Ever since I learned that Google is indexing kml and kmz files for inclusion into their searches (I say searches as in the regular old Google search and the search feature in Google Earth), I have been battling to get our data in there.
Well, progress has been made, on the Google Earth search front. Not the Google Search front though. So for my personal sanity and maybe to benefit others out there, I plan to document my journey here.
Starting with what I had to do server-wise.
First off: I run on an unix box under Apache and use PHP to bring it all together. My Kml output is database driven / I don’t have any static Kml files lying around / I generate them on the fly.
The first challenge I came across was this mess, which I considered more of an anomaly, so read it if you want, but chances are it will not affect you. Fixing this allowed me to paste a kml url from here into Google Maps and displaying it there. If that was any indication of what the rest of Google sees, well, this was pretty important for me.
Next up, headers. I struggled for a long while trying to get my headers to correctly talk to different browsers. Originally, I just wanted my site to “force download” our kml files to my users, which worked until recently until IE decided to start download empty files.
Of course the forced download approach probably was not going to help me with this whole Google Kml indexing journey I am on. So, according to Google, they are looking for a application/vnd.google-earth.kml+xml header. Ok this would seem easy enough, but IE still gave me problems. Honestly, I don’t understand. I admit I am not a “header” master by any means, so this may be way off, but here is the “mess that works” that I ended up with:
header(”Cache-Control: no-store, no-cache, must-revalidate”);
header(”Cache-Control: post-check=0, pre-check=0″, false);
header(”Cache-control: private”);
header(”Pragma: no-cache”);
header(’Content-Type: application/vnd.google-earth.kml+xml; filename=”myKmlFile.kml”‘);
In addition to this, I also added these headers into my .htaccess file, which looks like this:
AddType application/vnd.google-earth.kml+xml .kml
AddType application/vnd.google-earth.kmz .kmz
I am feeling pretty good at this point, I am sort of showing up in Google Earth, but not in Google Search. Where to go next?
Well, somewhere I read that having a .kml extension is a good thing, I don’t entirely believe that seeing how Google states they base this sort of thing off of header/mime-types. But, still, I am going to do something about it just in case.

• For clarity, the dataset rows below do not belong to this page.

lemma permutes_eq_if_strict_mono_on_tail:
  fixes \<sigma> \<tau> :: "nat \<Rightarrow> nat"
  assumes perm: "\<sigma> permutes {..<N}" "\<tau> permutes {..<N}"
    and head: "\<And>l. l < p \<Longrightarrow> \<sigma> l = \<tau> l"
    and mono: "strict_mono_on {p..<N} \<sigma>" "strict_mono_on {p..<N} \<tau>"
  shows "\<sigma> = \<tau>"
proof -
  have le: "\<sigma> l \<le> \<tau> l"
    if perm: "\<sigma> permutes {..<N}" "\<tau> permutes {..<N}" and mono: "strict_mono_on {p..<N} \<sigma>"
      and below: "\<And>l'. l' < l \<Longrightarrow> \<sigma> l' = \<tau> l'" and l: "p \<le> l" "l < N"
    for \<sigma> \<tau> :: "nat \<Rightarrow> nat" and l
  proof (rule ccontr)
    assume less: "\<not> \<sigma> l \<le> \<tau> l"
    have "\<tau> l < N" using permutes_in_image[OF perm(2)] l by simp
    then obtain l' where l': "l' < N" "\<sigma> l' = \<tau> l"
      using permutes_surj[OF perm(1)] permutes_not_in[OF perm(1)] by (metis lessThan_iff surjD)
    consider "l' < l" | "l' = l" | "l < l'" by linarith
    then show False
    proof cases
      case 1
      then have "\<tau> l' = \<tau> l" using below l' by simp
      then show False using 1 permutes_inj[OF perm(2)] by (auto dest: injD)
    next
      case 3
      then have "\<sigma> l < \<sigma> l'" using l l' by (intro strict_mono_onD[OF mono]) auto
      then show False using less l' by simp
    qed (use less l' in simp)
  qed
  have "\<sigma> l = \<tau> l" for l
  proof (induction l rule: less_induct)
    case (less l)
    consider "l < p" | "p \<le> l" "l < N" | "N \<le> l" by linarith
    then show ?case
    proof cases
      case 2
      then show ?thesis
        using le[OF perm(1,2) mono(1) less.IH] le[OF perm(2,1) mono(2)] less.IH
        by (metis order_antisym)
    qed (use head permutes_not_in[OF perm(1)] permutes_not_in[OF perm(2)] in auto)
  qed
  then show ?thesis by blast
qed

lemma unshuffles_1_eq: "unshuffles 1 n = (\<lambda>i. rotate_perm 0 i) ` {..<Suc n}"
proof
  show "(\<lambda>i. rotate_perm 0 i) ` {..<Suc n} \<subseteq> unshuffles 1 n"
    by (auto simp: unshuffles_def rotate_perm_permutes rotate_perm_apply)
next
  show "unshuffles 1 n \<subseteq> (\<lambda>i. rotate_perm 0 i) ` {..<Suc n}"
  proof
    fix \<sigma> assume \<sigma>: "\<sigma> \<in> unshuffles 1 n"
    then have perm: "\<sigma> permutes {..<Suc n}" by (simp add: unshuffles_def)
    have i: "\<sigma> 0 < Suc n" using permutes_in_image[OF perm] by simp
    have "\<sigma> = rotate_perm 0 (\<sigma> 0)"
      by (rule permutes_eq_if_strict_mono_on_tail[OF perm rotate_perm_permutes, where p = 1])
        (use \<sigma> i in \<open>auto simp: unshuffles_def rotate_perm_apply strict_mono_on_def\<close>)
    with i show "\<sigma> \<in> (\<lambda>i. rotate_perm 0 i) ` {..<Suc n}" by blast
  qed
qed
(* Let $-1 \le a < b \le 1$, and set $\alpha = \arccos a$, $\beta = \arccos b$ (so $0 \le \beta < \alpha \le \pi$). Define $g:[0,\pi]\to\mathbb{R}$ by $g(\theta)=1$ for $\theta\in(\beta,\alpha)$, $g(\theta)=\tfrac12$ for $\theta\in\{\alpha,\beta\}$, and $g(\theta)=0$ for $\theta\in[0,\pi]\setminus[\beta,\alpha]$. Let \[ c_0=\frac{1}{\pi}(\alpha-\beta),\qquad c_j=\frac{2}{\pi}\cdot\frac{\sin(j\alpha)-\sin(j\beta)}{j}\quad (j\ge 1), \] and for $k\ge 1$ let $g_k(\theta)=\sum_{j=0}^k c_j\cos(j\theta)$. Then for every integer $k \ge 1$ and every $\theta\in[0,\pi]$, \[ |g(\theta)-g_k(\theta)|\le \frac{J(\theta)}{\pi(k+1)}, \] where \[ J(\theta)=\begin{cases} \frac{1}{|\sin\frac{\theta+\alpha}{2}|}+\frac{1}{|\sin\frac{\theta-\alpha}{2}|}+\frac{1}{|\sin\frac{\theta+\beta}{2}|}+\frac{1}{|\sin\frac{\theta-\beta}{2}|}, & \theta\ne\alpha,\beta,\\[4pt] \frac{1}{|\sin\alpha|}+\frac{1}{|\sin\frac{\alpha+\beta}{2}|}+\frac{1}{|\sin\frac{\alpha-\beta}{2}|}, & \theta=\alpha,\\[4pt] \frac{1}{|\sin\beta|}+\frac{1}{|\sin\frac{\alpha+\beta}{2}|}+\frac{1}{|\sin\frac{\alpha-\beta}{2}|}, & \theta=\beta. \end{cases} \]
   Context: Any term of the form $1/0$ in $J(\theta)$ is interpreted as $+\infty$, in which case the bound holds trivially. The function $g$ is $s(\cos\theta)$ where $s$ is the step function equal to $1$ on $(a,b)$, $\tfrac12$ at $a,b$, and $0$ elsewhere on $[-1,1]$; $g_k$ is the $k$-th partial sum of its Fourier cosine series (equivalently, the degree-$k$ Chebyshev truncation of $s$). *)

theory Defs
  imports Complex_Main "HOL-Library.Extended_Real"
begin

Enter Apaches fabled Mod_Rewrite. In theory I can turn this:
http://www.crankfire.com/data/dlkml.php?tkn=&tid=20&w=421
Into this a “file” with a kml extension:
http://www.crankfire.com/kml/tid-20-t-0-w-421.kml
Apparently these Mod_Rewrites can be a real pain in the ass, but I was lucky enough to find this little site - it’s a Mod_Rewrite wizard that helps you create what you gotta do. A few minutes later I had my Mod_Rewrite rule:
RewriteEngine On
RewriteRule ^tid-([^-]*)-t-([^-]*)-w-([^-]*)\.kml$ /data/dlkml.php?tid=$1&t=$2&w=$3 [L]
Then I added this to its own htaccess file in its own directory to keep things simple. It works beautifully.
Now, as of the beginning of November 2007, the last thing I have done is create a sitemap file for this site and all of our geographic data. I tried a couple of sitemap generators (online and software based) and was not happy with what they produced. So, in the end, I generated my own. Using my Mod_Rewrite trick above, I generated a nice geographic sitemap to go along with my general sitemap. Take a look:
http://www.crankfire.com/sitemapgeographic.xml
So now, at least I am pretty sure Google should see me, several times over. And naturally, my Kml’s still don’t show up in the regular Google Search results. So the battle continues.
Next up? Optimizing my Kml files, they show up like holy hell in the Google Earth. If you can find them at all.